Why we will only ever see one side of the moon

By Jonti Horner

The full moon. Photo / Chris Callinan
The full moon. Photo / Chris Callinan

Technically, Pink Floyd had it wrong. The space-facing side of the moon isn't dark (except at full moon when the Earth is between the sun and the moon). Not that you'd know that, given we always see the same side of our nearest neighbour.

To understand why we only see that one side, we need to explore the relationship between the moon and Earth, and the forces that will slowly, but inexorably, sling the moon from our orbit into space.

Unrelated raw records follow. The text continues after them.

(* Let $s\in(0,1)$, $\kappa>0$, and let $\mathcal{T}$ and $|\cdot|$ be as in the context. (i) If $s\le 3/4$, then (for every $\kappa>0$) there is $\tau\in\mathcal{T}\setminus\{\Xi\}$ with $|\tau|\le|\Xi|$. (ii) If $s>3/4$, then there is $\kappa_0(s)>0$ such that for all $\kappa\in(0,\kappa_0)$ one has $|\Xi|<|\tau|$ for all $\tau\in\mathcal{T}\setminus\{\Xi\}$; moreover, in this case, for every $\beta\in\mathbb{R}$ the set $\mathcal{T}_{<\beta}:=\{\tau\in\mathcal{T}:|\tau|<\beta\}$ is finite.
   Context: Fix $d\ge1$. Consider formal symbols (non-planar decorated rooted trees): a noise symbol $\Xi$ and monomials $\mathbf{X}^k$, $k\in\mathbb{N}^{1+d}$ (with $\mathbf{1}:=\mathbf{X}^0$), together with abstract integration maps $\mathcal{I}$ and $\mathcal{I}_j$ ($j=1,\dots,d$) and a commutative, associative product (with unit $\mathbf{1}$, and $\mathbf{X}^k\mathbf{X}^m=\mathbf{X}^{k+m}$). The set $\mathcal{T}$ is the smallest set containing $\Xi$ and all $\mathbf{X}^k$ such that whenever $\tau_1,\tau_2,\tau_3\in\mathcal{T}$, $j\in\{1,\dots,d\}$, $k\in\mathbb{N}^{1+d}$, the symbols $\mathbf{X}^k\mathcal{I}(\tau_1)$, $\mathbf{X}^k\mathcal{I}_j(\tau_1)$, $\mathbf{X}^k\mathcal{I}(\tau_1)\mathcal{I}(\tau_2)$ and $\mathcal{I}(\tau_1)\mathcal{I}(\tau_2)\mathcal{I}(\tau_3)$ belong to $\mathcal{T}$, with the convention that $\mathcal{I}(\mathbf{X}^k)=0$ (integration is not applied to pure monomials). Homogeneity: $|\Xi|:=-s-\frac32-\kappa$, $|\mathbf{X}^k|:=2sk_0+\sum_{i=1}^dk_i$, $|\mathcal{I}(\tau)|:=|\tau|+2s$, $|\mathcal{I}_j(\tau)|:=|\tau|+2s-1$, and the homogeneity of a product is the sum of the homogeneities of the factors. *)

theory Defs
  imports Complex_Main "HOL-Library.Multiset"
begin

text \<open>Symbols as non-planar decorated rooted trees.  A node carries a monomial
  exponent k (a function nat => nat, components 0..d used, component 0 = time)
  and a multiset of outgoing edges (j, subtree); edge label j = 0 means the
  integration map I, label j >= 1 means I_j.
  Using a multiset makes the product commutative and associative, and
  Node 0 {#} is the unit 1 = X^0.\<close>

datatype sym = Xi | Node "nat \<Rightarrow> nat" "(nat \<times> sym) multiset"

definition monomial :: "(nat \<Rightarrow> nat) \<Rightarrow> sym" where
  "monomial k = Node k {#}"

definition is_monomial :: "sym \<Rightarrow> bool" where
  "is_monomial t \<longleftrightarrow> (\<exists>k. t = monomial k)"

definition valid_exp :: "nat \<Rightarrow> (nat \<Rightarrow> nat) \<Rightarrow> bool" where
  "valid_exp d k \<longleftrightarrow> (\<forall>i>d. k i = 0)"

text \<open>The set of symbols T (depending on the dimension d).  Integration is
  never applied to pure monomials (I(X^k) = 0).\<close>

inductive_set T :: "nat \<Rightarrow> sym set" for d :: nat where
  T_Xi: "Xi \<in> T d"
| T_mono: "valid_exp d k \<Longrightarrow> monomial k \<in> T d"
| T_I: "\<lbrakk>valid_exp d k; t1 \<in> T d; \<not> is_monomial t1\<rbrakk>
          \<Longrightarrow> Node k {#(0, t1)#} \<in> T d"
| T_Ij: "\<lbrakk>valid_exp d k; 1 \<le> j; j \<le> d; t1 \<in> T d; \<not> is_monomial t1\<rbrakk>
          \<Longrightarrow> Node k {#(j, t1)#} \<in> T d"
| T_II: "\<lbrakk>valid_exp d k; t1 \<in> T d; \<not> is_monomial t1; t2 \<in> T d; \<not> is_monomial t2\<rbrakk>
          \<Longrightarrow> Node k {#(0, t1), (0, t2)#} \<in> T d"
| T_III: "\<lbrakk>t1 \<in> T d; \<not> is_monomial t1; t2 \<in> T d; \<not> is_monomial t2;
            t3 \<in> T d; \<not> is_monomial t3\<rbrakk>
          \<Longrightarrow> Node (\<lambda>_. 0) {#(0, t1), (0, t2), (0, t3)#} \<in> T d"

primrec hom :: "real \<Rightarrow> real \<Rightarrow> nat \<Rightarrow> sym \<Rightarrow> real" where
  "hom s \<kappa> d Xi = - s - 3/2 - \<kappa>"
| "hom s \<kappa> d (Node k M) =
     2 * s * real (k 0) + (\<Sum>i=1..d. real (k i))
     + sum_mset (image_mset (\<lambda>(j, h). h + 2 * s - (if j = 0 then 0 else 1))
                   (image_mset (map_prod id (hom s \<kappa> d)) M))"

end

theory Submission
  imports Defs
begin

text \<open>Measure a symbol by its number of nodes plus the total degree of its monomial
  decorations.  Induction over the formation rules gives \<open>|\<tau>| \<ge> |\<Xi>| + c size(\<tau>)\<close>
  with \<open>c = 4s - 3 - 2\<kappa>\<close> whenever \<open>s \<le> 1\<close> and \<open>\<kappa> \<ge> 0\<close>.  The binding rule is the cubic
  product: \<open>|I(\<Xi>)\<^sup>3| = |\<Xi>| + c\<close>.  So for \<open>s \<le> 3/4\<close> this symbol is a counterexample,
  while for \<open>s > 3/4\<close> and \<open>\<kappa> < 2s - 3/2\<close> we have \<open>c > 0\<close>: then \<open>\<Xi>\<close> is the strict
  minimiser, and a bound on the homogeneity bounds the size, leaving finitely many symbols.\<close>

definition exp_degree :: "nat \<Rightarrow> (nat \<Rightarrow> nat) \<Rightarrow> nat" where
  "exp_degree d k = k 0 + (\<Sum>i=1..d. k i)"

primrec sym_size :: "nat \<Rightarrow> sym \<Rightarrow> nat" where
  "sym_size d Xi = 0"
| "sym_size d (Node k M) = 1 + exp_degree d k
     + sum_mset (image_mset snd (image_mset (map_prod id (sym_size d)) M))"

lemma sym_size_Node [simp]:
  "sym_size d (Node k M) = 1 + exp_degree d k + (\<Sum>(j, t)\<in>#M. sym_size d t)"
  by (simp add: multiset.map_comp comp_def case_prod_unfold)

declare sym_size.simps(2) [simp del]

lemma hom_monomial: "hom s \<kappa> d (monomial k) = 2 * s * real (k 0) + (\<Sum>i=1..d. real (k i))"
  by (simp add: monomial_def)

lemma finite_multisets_size_le:
  assumes "finite A"
  shows "finite {M. set_mset M \<subseteq> A \<and> size M \<le> n}"
proof -
  have "{M. set_mset M \<subseteq> A \<and> size M \<le> n} = mset ` {xs. set xs \<subseteq> A \<and> length xs \<le> n}"
    by (auto simp: image_iff) (metis ex_mset set_mset_mset size_mset)
  then show ?thesis
    using finite_lists_length_le[OF assms] by simp
qed

lemma exp_le_degree: "i \<le> d \<Longrightarrow> k i \<le> exp_degree d k"
proof (cases "i = 0")
  case False
  assume "i \<le> d"
  then have "k i \<le> (\<Sum>i=1..d. k i)" using False by (intro member_le_sum) auto
  then show ?thesis by (simp add: exp_degree_def)
qed (simp add: exp_degree_def)

lemma finite_valid_exps_degree_le: "finite {k. valid_exp d k \<and> exp_degree d k \<le> n}"
proof (rule finite_subset)
  show "{k. valid_exp d k \<and> exp_degree d k \<le> n}
      \<subseteq> {k. \<forall>i. (i \<in> {..d} \<longrightarrow> k i \<in> {..n}) \<and> (i \<notin> {..d} \<longrightarrow> k i = 0)}"
  proof (intro subsetI CollectI allI conjI impI)
    fix k i assume k: "k \<in> {k. valid_exp d k \<and> exp_degree d k \<le> n}"
    show "k i \<in> {..n}" if "i \<in> {..d}" using k that exp_le_degree[of i d k] by simp
    show "k i = 0" if "i \<notin> {..d}" using k that by (simp add: valid_exp_def)
  qed
qed (rule finite_set_of_finite_funs; simp)

lemma T_Node_shape:
  assumes "Node k M \<in> T d"
  shows "valid_exp d k" "size M \<le> 3" "\<And>j t. (j, t) \<in># M \<Longrightarrow> j \<le> d \<and> t \<in> T d"
  using assms by (auto elim: T.cases simp: monomial_def valid_exp_def)

lemma sym_size_child_less:
  assumes "(j, t) \<in># M"
  shows "sym_size d t < sym_size d (Node k M)"
proof -
  obtain M' where "M = add_mset (j, t) M'" using multi_member_split[OF assms] by blast
  then show ?thesis by simp
qed

lemma finite_T_size_le: "finite {\<tau> \<in> T d. sym_size d \<tau> \<le> n}"
proof (induction n)
  case 0
  have "{\<tau> \<in> T d. sym_size d \<tau> \<le> 0} \<subseteq> {Xi}"
  proof safe
    fix \<tau> assume "sym_size d \<tau> = 0"
    then show "\<tau> = Xi" by (cases \<tau>) simp_all
  qed
  then show ?case by (rule finite_subset) simp
next
  case (Suc n)
  let ?S = "{\<tau> \<in> T d. sym_size d \<tau> \<le> n}"
  let ?K = "{k. valid_exp d k \<and> exp_degree d k \<le> n}"
  let ?E = "{M. set_mset M \<subseteq> {..d} \<times> ?S \<and> size M \<le> 3}"
  have "{\<tau> \<in> T d. sym_size d \<tau> \<le> Suc n} \<subseteq> insert Xi (case_prod Node ` (?K \<times> ?E))"
  proof safe
    fix \<tau> assume \<tau>: "\<tau> \<in> T d" "sym_size d \<tau> \<le> Suc n" "\<tau> \<notin> case_prod Node ` (?K \<times> ?E)"
    show "\<tau> = Xi"
    proof (cases \<tau>)
      case (Node k M)
      have "k \<in> ?K" using \<tau> Node T_Node_shape(1) by simp
      moreover have "M \<in> ?E"
        using \<tau> Node T_Node_shape(2,3) sym_size_child_less[of _ _ M d k] by fastforce
      ultimately show ?thesis using \<tau>(3) Node by blast
    qed
  qed
  moreover have "finite ?E" using Suc.IH by (intro finite_multisets_size_le) simp
  ultimately show ?case
    using finite_valid_exps_degree_le by (auto intro: finite_subset)
qed

lemma degree_scaled_le_hom_monomial:
  fixes c s :: real
  assumes "c \<le> 2 * s" "c \<le> 1"
  shows "c * real (exp_degree d k) \<le> hom s \<kappa> d (monomial k)"
proof -
  have "c * real (k 0) \<le> 2 * s * real (k 0)" using assms by (intro mult_right_mono) auto
  moreover have "c * (\<Sum>i=1..d. real (k i)) \<le> 1 * (\<Sum>i=1..d. real (k i))"
    using assms by (intro mult_right_mono sum_nonneg) auto
  ultimately show ?thesis by (simp add: exp_degree_def hom_monomial distrib_left)
qed

lemma hom_ge_size_bound:
  fixes s \<kappa> :: real
  assumes "\<tau> \<in> T d" "s \<le> 1" "0 \<le> \<kappa>"
  shows "hom s \<kappa> d Xi + (4*s - 3 - 2*\<kappa>) * real (sym_size d \<tau>) \<le> hom s \<kappa> d \<tau>"
proof -
  define c where "c = 4*s - 3 - 2*\<kappa>"
  \<comment> \<open>One constraint per formation rule; the last one, for the cubic product, is an equality.\<close>
  have c: "c \<le> 1" "c \<le> 2*s - 1" "hom s \<kappa> d Xi + c \<le> 0"
    "c \<le> hom s \<kappa> d Xi + 4*s" "c \<le> 2 * hom s \<kappa> d Xi + 6*s"
    using assms by (auto simp: c_def)
  have deg: "c * real (exp_degree d k) \<le> hom s \<kappa> d (monomial k)" for k
    using c by (intro degree_scaled_le_hom_monomial) auto
  have "hom s \<kappa> d Xi + c * real (sym_size d \<tau>) \<le> hom s \<kappa> d \<tau>"
    using assms(1)
  proof (induction rule: T.induct)
    case T_Xi
    then show ?case by simp
  next
    case (T_mono k)
    show ?case using deg[of k] c by (simp add: monomial_def distrib_left)
  next
    case (T_I k t1)
    show ?case using deg[of k] c T_I.IH by (simp add: hom_monomial distrib_left)
  next
    case (T_Ij k j t1)
    show ?case using deg[of k] c T_Ij by (simp add: hom_monomial distrib_left)
  next
    case (T_II k t1 t2)
    show ?case using deg[of k] c T_II.IH by (simp add: hom_monomial distrib_left)
  next
    case (T_III t1 t2 t3)
    show ?case using c T_III.IH by (simp add: exp_degree_def distrib_left)
  qed
  then show ?thesis by (simp add: c_def)
qed

lemma hom_Xi_less:
  fixes s \<kappa> :: real
  assumes "\<tau> \<in> T d" "\<tau> \<noteq> Xi" "s \<le> 1" "0 \<le> \<kappa>" "\<kappa> < 2*s - 3/2"
  shows "hom s \<kappa> d Xi < hom s \<kappa> d \<tau>"
proof -
  have "1 \<le> sym_size d \<tau>" using assms(2) by (cases \<tau>) auto
  then have "0 < (4*s - 3 - 2*\<kappa>) * real (sym_size d \<tau>)" using assms(5) by simp
  then show ?thesis using hom_ge_size_bound[OF assms(1,3,4)] by linarith
qed

lemma finite_T_hom_less:
  fixes s \<kappa> \<beta> :: real
  assumes "s \<le> 1" "0 \<le> \<kappa>" "\<kappa> < 2*s - 3/2"
  shows "finite {\<tau> \<in> T d. hom s \<kappa> d \<tau> < \<beta>}"
proof -
  define c where "c = 4*s - 3 - 2*\<kappa>"
  have "0 < c" using assms(3) by (simp add: c_def)
  define N where "N = nat \<lceil>(\<beta> - hom s \<kappa> d Xi) / c\<rceil>"
  have "sym_size d \<tau> \<le> N" if "\<tau> \<in> T d" "hom s \<kappa> d \<tau> < \<beta>" for \<tau>
  proof -
    have "c * real (sym_size d \<tau>) < \<beta> - hom s \<kappa> d Xi"
      using hom_ge_size_bound[OF that(1) assms(1,2)] that(2) by (simp add: c_def)
    then have "real (sym_size d \<tau>) < (\<beta> - hom s \<kappa> d Xi) / c"
      using \<open>0 < c\<close> by (simp add: field_simps)
    then show ?thesis unfolding N_def by linarith
  qed
  then have "{\<tau> \<in> T d. hom s \<kappa> d \<tau> < \<beta>} \<subseteq> {\<tau> \<in> T d. sym_size d \<tau> \<le> N}" by blast
  then show ?thesis using finite_T_size_le by (rule finite_subset)
qed

lemma I_Xi_cubed_in_T: "Node (\<lambda>_. 0) {#(0, Xi), (0, Xi), (0, Xi)#} \<in> T d"
  by (intro T.intros) (auto simp: is_monomial_def monomial_def)

lemma hom_I_Xi_cubed:
  "hom s \<kappa> d (Node (\<lambda>_. 0) {#(0, Xi), (0, Xi), (0, Xi)#}) = hom s \<kappa> d Xi + (4*s - 3 - 2*\<kappa>)"
  by simp

theorem lemma2p2:
  fixes s :: real and d :: nat
  assumes "1 \<le> d" and "0 < s" and "s < 1"
  shows "(s \<le> 3/4 \<longrightarrow>
            (\<forall>\<kappa>>0. \<exists>\<tau>\<in>T d - {Xi}. hom s \<kappa> d \<tau> \<le> hom s \<kappa> d Xi))
       \<and> (3/4 < s \<longrightarrow>
            (\<exists>\<kappa>0>0. \<forall>\<kappa>. 0 < \<kappa> \<and> \<kappa> < \<kappa>0 \<longrightarrow>
               (\<forall>\<tau>\<in>T d - {Xi}. hom s \<kappa> d Xi < hom s \<kappa> d \<tau>)
               \<and> (\<forall>\<beta>::real. finite {\<tau>\<in>T d. hom s \<kappa> d \<tau> < \<beta>})))"
proof (intro conjI impI allI)
  fix \<kappa> :: real
  assume "s \<le> 3/4" "0 < \<kappa>"
  then show "\<exists>\<tau>\<in>T d - {Xi}. hom s \<kappa> d \<tau> \<le> hom s \<kappa> d Xi"
    using I_Xi_cubed_in_T hom_I_Xi_cubed
    by (intro bexI[of _ "Node (\<lambda>_. 0) {#(0, Xi), (0, Xi), (0, Xi)#}"]) auto
next
  assume "3/4 < s"
  show "\<exists>\<kappa>0>0. \<forall>\<kappa>. 0 < \<kappa> \<and> \<kappa> < \<kappa>0 \<longrightarrow>
          (\<forall>\<tau>\<in>T d - {Xi}. hom s \<kappa> d Xi < hom s \<kappa> d \<tau>)
          \<and> (\<forall>\<beta>::real. finite {\<tau>\<in>T d. hom s \<kappa> d \<tau> < \<beta>})"
    using \<open>3/4 < s\<close> \<open>s < 1\<close> hom_Xi_less finite_T_hom_less
    by (intro exI[of _ "2*s - 3/2"]) auto
qed

end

As the moon orbits Earth, its gravitational pull raises "tidal bulges" on our planet. Both solid ground and oceans respond to this pull, causing the moon to raise land and ocean tides.

At the same time, the sun also raises tides on Earth which, while noticeably weaker than those caused by the moon, adds a level of complexity to the tides we experience.

When the moon and sun are aligned correctly (either at new moon - when the moon is approximately between Earth and the sun - or at full moon, when Earth is approximately between the moon and the sun), the tides induced by the moon and sun add together, and we get extra-high and extra-low tides.

These are commonly known as spring tides.

Equally, when the moon and sun are pulling at right angles to one another, their influence cancels out, to some extent, and we get neap tides - high tides are at their lowest, and low tides their highest.

Slow spin-down - the long-term influence of tides

Beyond just causing the daily ingress and egress of the ocean on to land, tides raised by the moon on Earth have another interesting effect - they are slowly causing Earth's rotation to slow.

As we all know, Earth spins on its axis once a day, but the moon takes almost a whole month to orbit our planet. As a result, the location of the tidal bulges from the moon move around our planet significantly more slowly than Earth's surface spins.

Friction causes the bulges to be pulled along with Earth's motion, to some degree, and they end up slightly ahead of the location directly beneath the moon.

We're slowly growing apart - the moon's recession

The rate at which the moon is receding from Earth is relatively small, but easily measured (using the retroreflectors left on the Moon's surface by the Apollo astronauts, among other techniques).

Currently, the recession is only around 22 millimetres a year, causing one Earth day to lengthen by about 23 microseconds a year.

Synchronous rotation

Earth exerts tides on the moon, just as the moon exerts tides on Earth. Since Earth is comparatively massive, the tides it raises on the moon are much greater than those raised by the moon on Earth.

And those tides long ago slowed the moon's rotation so that it spins on its axis exactly once in the time it takes to orbit our planet once.

As the moon recedes from Earth, its orbital period will increase, but the strength of Earth's tides will ensure its spin slows, so it will continue to show the same face to our planet.

Jonti Horner is an astronomer and astrobiologist based at the University of New South Wales, in Sydney.